What you produce should be every line from the data that includes "symmetric".

Stored data entries:
==============================

lemma excursion_prob_lower_bound: "1 / (2 * (real m + 1) powr (3/2)) \<le> excursion_prob m"
proof (cases "m = 0")
  case True
  have "pos_excursions 0 = {[]}"
    by (auto simp: pos_excursions_def paths_to_def paths_def walk_nonneg_def)
  then show ?thesis using True by (simp add: excursion_prob_def)
next
  case False
  let ?c = "real ((2 * m) choose m)"
  have c: "?c > 0" by simp
  have "((4::real) ^ m)\<^sup>2 = 16 ^ m"
    by (simp add: power2_eq_square power_mult_distrib[symmetric])
  also have "\<dots> \<le> (?c * (2 * sqrt (real m)))\<^sup>2"
    using central_binomial_sq_lower_bound[of m] False by (simp add: power_mult_distrib)
  finally have "4 ^ m \<le> ?c * (2 * sqrt (real m))"
    by (rule power2_le_imp_le) simp
  also have "\<dots> \<le> ?c * (2 * sqrt (real m + 1))" by (intro mult_left_mono) auto
  finally have A: "4 ^ m \<le> ?c * (2 * sqrt (real m + 1))" .
  have "(real m + 1) powr (3/2) = (real m + 1) powr 1 * (real m + 1) powr (1/2)"
    by (subst powr_add[symmetric]) simp
  then have "2 * (real m + 1) powr (3/2) = 2 * (real m + 1) * sqrt (real m + 1)"
    by (simp add: powr_half_sqrt)
  moreover have "(real m + 1) * (?c * (2 * sqrt (real m + 1))) = ?c * (2 * (real m + 1) * sqrt (real m + 1))"
    by (simp add: ac_simps)
  ultimately have "1 / (2 * (real m + 1) powr (3/2)) = ?c / ((real m + 1) * (?c * (2 * sqrt (real m + 1))))"
    using c by simp
  also have "\<dots> \<le> ?c / ((real m + 1) * 4 ^ m)"
    using A c by (intro divide_left_mono mult_left_mono mult_pos_pos) auto
  also have "\<dots> = excursion_prob m"
  proof -
    have "real (card (pos_excursions m)) = ?c / (real m + 1)"
      using card_pos_excursions[of m] by (simp add: eq_divide_eq)
    then show ?thesis by (simp add: excursion_prob_def)
  qed
  finally show ?thesis .
qed

lemma excursion_prob_pos: "excursion_prob m > 0"
proof -
  have "0 < 1 / (2 * (real m + 1) powr (3/2))" by simp
  then show ?thesis using excursion_prob_lower_bound[of m] by linarith
qed

lemma ln_excursion_prob_lower_bound: "- ln 2 - 3/2 * ln (real m + 1) \<le> ln (excursion_prob m)"
proof -
  have "ln (1 / (2 * (real m + 1) powr (3/2))) = - ln 2 - 3/2 * ln (real m + 1)"
    by (simp add: ln_div ln_mult)
  moreover have "ln (1 / (2 * (real m + 1) powr (3/2))) \<le> ln (excursion_prob m)"
    using excursion_prob_lower_bound[of m] by (intro ln_mono) auto
  ultimately show ?thesis by simp
qed

definition neg_excursions :: "nat \<Rightarrow> bool list set" where
  "neg_excursions m = map Not ` pos_excursions m"

lemma card_neg_excursions: "card (neg_excursions m) = card (pos_excursions m)"
proof -
  have "inj (map Not)" by (intro inj_mapI) (simp add: inj_def)
  then show ?thesis unfolding neg_excursions_def by (rule card_image[OF inj_on_subset[OF _ subset_UNIV]])
qed
lemma neg_excursions_subset: "neg_excursions m \<subseteq> {xs \<in> bridges (2 * m). walk_nonpos xs}"
  by (auto simp: neg_excursions_def pos_excursions_def paths_to_def paths_def walk_pos_map_Not
      walk_nonpos_map_Not)

section \<open>Partition functions\<close>

lemma copolymer_Z_eq:
  "copolymer_Z lam h N \<omega> = (\<Sum>xs\<in>paths N. exp (-2 * lam * path_energy h \<omega> xs)) / 2 ^ N"
  unfolding copolymer_Z_def path_energy_def
  by (intro arg_cong2[where f = "(/)"] sum.cong refl) (auto simp: paths_def)

definition bridge_Z :: "real \<Rightarrow> real \<Rightarrow> nat \<Rightarrow> (nat \<Rightarrow> real) \<Rightarrow> real" where
  "bridge_Z lam h N \<omega> = (\<Sum>xs\<in>bridges N. exp (-2 * lam * path_energy h \<omega> xs)) / 2 ^ N"

lemma bridge_Z_le_copolymer_Z: "bridge_Z lam h N \<omega> \<le> copolymer_Z lam h N \<omega>"
  unfolding bridge_Z_def copolymer_Z_eq
  by (intro divide_right_mono sum_mono2) (auto simp: paths_to_def)

lemma copolymer_Z_le_exp:
  assumes "lam \<ge> 0"
  shows "copolymer_Z lam h N \<omega> \<le> exp (2 * lam * (\<Sum>n=1..N. \<bar>\<omega> n + h\<bar>))"
proof -
  let ?E = "exp (2 * lam * (\<Sum>n=1..N. \<bar>\<omega> n + h\<bar>))"
  have "(\<Sum>xs\<in>paths N. exp (-2 * lam * path_energy h \<omega> xs)) \<le> (\<Sum>xs\<in>paths N. ?E)"
  proof (rule sum_mono)
    fix xs assume "xs \<in> paths N"
    have "- path_energy h \<omega> xs \<le> (\<Sum>n=1..N. \<bar>\<omega> n + h\<bar>)"
      using abs_path_energy_le[of h \<omega> xs] \<open>xs \<in> paths N\<close> by (auto simp: paths_def)
    then have "lam * (- path_energy h \<omega> xs) \<le> lam * (\<Sum>n=1..N. \<bar>\<omega> n + h\<bar>)"
      using assms by (rule mult_left_mono)
    then show "exp (-2 * lam * path_energy h \<omega> xs) \<le> ?E" by simp
  qed
  also have "\<dots> = 2 ^ N * ?E" by (simp add: card_paths)
  finally show ?thesis unfolding copolymer_Z_eq by (simp add: field_simps)
qed

lemma two_power_double: "(2::real) ^ (2 * m) = 4 ^ m"
  by (simp add: power_mult)

lemma excursion_prob_le_bridge_Z: "excursion_prob m \<le> bridge_Z lam h (2 * m) \<omega>"
proof -
  have "real (card (pos_excursions m)) = (\<Sum>xs\<in>pos_excursions m. exp (-2 * lam * path_energy h \<omega> xs))"
    by (simp add: path_energy_nonneg_walk pos_excursions_def)
  also have "\<dots> \<le> (\<Sum>xs\<in>bridges (2 * m). exp (-2 * lam * path_energy h \<omega> xs))"
    by (intro sum_mono2) (auto simp: pos_excursions_def)
  finally show ?thesis
    unfolding bridge_Z_def excursion_prob_def two_power_double by (intro divide_right_mono) auto
qed

lemma bridge_Z_pos: "bridge_Z lam h (2 * m) \<omega> > 0"
  using excursion_prob_le_bridge_Z[of m lam h \<omega>] excursion_prob_pos[of m] by linarith

lemma neg_excursion_le_bridge_Z:
  "excursion_prob m * exp (-2 * lam * (\<Sum>n=1..2 * m. \<omega> n + h)) \<le> bridge_Z lam h (2 * m) \<omega>"
proof -
  have "path_energy h \<omega> xs = (\<Sum>n=1..2 * m. \<omega> n + h)" if "xs \<in> neg_excursions m" for xs
    using subsetD[OF neg_excursions_subset that]
    by (simp add: path_energy_nonpos_walk paths_to_def paths_def)
  then have "real (card (pos_excursions m)) * exp (-2 * lam * (\<Sum>n=1..2 * m. \<omega> n + h))
      = (\<Sum>xs\<in>neg_excursions m. exp (-2 * lam * path_energy h \<omega> xs))"
    by (simp add: card_neg_excursions)
  also have "\<dots> \<le> (\<Sum>xs\<in>bridges (2 * m). exp (-2 * lam * path_energy h \<omega> xs))"
    using neg_excursions_subset[of m] by (intro sum_mono2) auto
  finally have "real (card (pos_excursions m)) * exp (-2 * lam * (\<Sum>n=1..2 * m. \<omega> n + h)) / 4 ^ m
      \<le> (\<Sum>xs\<in>bridges (2 * m). exp (-2 * lam * path_energy h \<omega> xs)) / 4 ^ m"
    by (rule divide_right_mono) simp
  then show ?thesis unfolding bridge_Z_def excursion_prob_def two_power_double by simp
qed

lemma bridge_Z_supermult:
  "bridge_Z lam h N \<omega> * bridge_Z lam h M (shift_seq N \<omega>) \<le> bridge_Z lam h (N + M) \<omega>"
proof -
  let ?f = "\<lambda>\<omega> xs. exp (-2 * lam * path_energy h \<omega> xs)"
  let ?cat = "\<lambda>(xs, ys). xs @ ys :: bool list"
  have inj: "inj_on ?cat (bridges N \<times> bridges M)"
  proof (rule inj_onI, clarify)
    fix xs ys xs' ys' assume "xs \<in> bridges N" "xs' \<in> bridges N" "xs @ ys = xs' @ ys'"
    then show "xs = xs' \<and> ys = ys'" by (simp add: paths_to_def paths_def)
  qed
  have cat: "?cat ` (bridges N \<times> bridges M) \<subseteq> bridges (N + M)"
  proof clarify
    fix xs ys assume "xs \<in> bridges N" "ys \<in> bridges M"
    then show "xs @ ys \<in> bridges (N + M)"
      using walk_pos_append[of xs ys M] by (simp add: paths_to_def paths_def)
  qed
  have "(\<Sum>xs\<in>bridges N. ?f \<omega> xs) * (\<Sum>ys\<in>bridges M. ?f (shift_seq N \<omega>) ys)
      = (\<Sum>(xs, ys)\<in>bridges N \<times> bridges M. ?f \<omega> (xs @ ys))"
    unfolding sum_product sum.cartesian_product
  proof (intro sum.cong refl, clarify)
    fix xs ys assume "xs \<in> bridges N" "ys \<in> bridges M"
    then have "length xs = N" "walk_pos xs (length xs) = 0" by (auto simp: paths_to_def paths_def)
    then show "?f \<omega> xs * ?f (shift_seq N \<omega>) ys = ?f \<omega> (xs @ ys)"
      by (simp add: path_energy_append distrib_left flip: exp_add)
  qed
  also have "\<dots> = (\<Sum>zs\<in>?cat ` (bridges N \<times> bridges M). ?f \<omega> zs)"
    using sum.reindex[OF inj, of "?f \<omega>"] by (simp add: comp_def case_prod_unfold)
  also have "\<dots> \<le> (\<Sum>zs\<in>bridges (N + M). ?f \<omega> zs)"
    by (intro sum_mono2 cat) auto
  finally show ?thesis unfolding bridge_Z_def by (simp add: power_add divide_right_mono)
qed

==============================

EXERCISE OUTPUT ->
    by (simp add: power2_eq_square power_mult_distrib[symmetric])
    by (subst powr_add[symmetric]) simp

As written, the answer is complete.